List all the lines in these records that hold "rule".

**Records for the exercise**
--------
lemma weighted_injected_transition_le:
  fixes X :: "real \<Rightarrow> real^'n^'n" and Kp :: "real \<Rightarrow> real^'m^'n" and \<tau> :: real and x :: "real^'n"
  assumes X: "continuous_on UNIV X" and Kp: "continuous_on UNIV Kp"
    and mnorm_Kp_le: "\<And>z. mnorm (Kp z) \<le> \<K> * exp (- \<delta> * \<bar>z\<bar>)"
    and growth: "nonuniform_bounded_growth X K0 a \<epsilon>"
  defines "u \<equiv> \<lambda>r. exp (- a * \<bar>r - \<tau>\<bar>) * norm (transition (\<lambda>t. X t - Kp t ** C t) r \<tau> *v x)"
  shows "u s \<le> K0 * exp (\<epsilon> * \<bar>\<tau>\<bar>) * norm x + K0 * \<K> * \<C> * \<bar>oriented_integral u \<tau> s\<bar>"
proof -
  define Y where "Y = (\<lambda>t. X t - Kp t ** C t)"
  let ?h = "\<lambda>r. - (transition X s r *v (Kp r *v (C r *v (transition Y r \<tau> *v x))))"
  let ?\<beta> = "K0 * \<K> * \<C>"
  have "continuous_on UNIV Y"
    unfolding Y_def by (rule continuous_on_output_injection[OF X Kp continuous_C])
  from norm_injection_integral_le[OF X Kp continuous_on_transition_apply[OF this] mnorm_Kp_le growth]
  have perturbation_le: "norm (oriented_integral ?h \<tau> s) \<le> ?\<beta> * exp (a * \<bar>s - \<tau>\<bar>) * \<bar>oriented_integral u \<tau> s\<bar>"
    by (simp add: u_def Y_def)
  have unperturbed_le:
    "norm (transition X s \<tau> *v x) \<le> K0 * exp (\<epsilon> * \<bar>\<tau>\<bar>) * exp (a * \<bar>s - \<tau>\<bar>) * norm x"
    using growth by (intro norm_matrix_vector_le) (simp add: nonuniform_bounded_growth_def)
  have "transition Y s \<tau> *v x = transition X s \<tau> *v x + oriented_integral ?h \<tau> s"
    using transition_variation_of_constants_apply[OF X Kp continuous_C Y_def, of "mat 1" s \<tau> x] by simp
  then have "norm (transition Y s \<tau> *v x) \<le> norm (transition X s \<tau> *v x) + norm (oriented_integral ?h \<tau> s)"
    by (simp add: norm_triangle_ineq)
  also have "\<dots> \<le> K0 * exp (\<epsilon> * \<bar>\<tau>\<bar>) * exp (a * \<bar>s - \<tau>\<bar>) * norm x
      + ?\<beta> * exp (a * \<bar>s - \<tau>\<bar>) * \<bar>oriented_integral u \<tau> s\<bar>"
    using unperturbed_le perturbation_le by (rule add_mono)
  also have "\<dots> = exp (a * \<bar>s - \<tau>\<bar>) * (K0 * exp (\<epsilon> * \<bar>\<tau>\<bar>) * norm x + ?\<beta> * \<bar>oriented_integral u \<tau> s\<bar>)"
    by (simp add: algebra_simps)
  finally have "u s \<le> exp (- a * \<bar>s - \<tau>\<bar>)
      * (exp (a * \<bar>s - \<tau>\<bar>) * (K0 * exp (\<epsilon> * \<bar>\<tau>\<bar>) * norm x + ?\<beta> * \<bar>oriented_integral u \<tau> s\<bar>))"
    unfolding u_def Y_def by (rule mult_left_mono) simp
  then show ?thesis by (simp add: mult.assoc[symmetric] flip: exp_add)
qed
--------
**Task output**
    unfolding Y_def by (rule continuous_on_output_injection[OF X Kp continuous_C])
    using unperturbed_le perturbation_le by (rule add_mono)
    unfolding u_def Y_def by (rule mult_left_mono) simp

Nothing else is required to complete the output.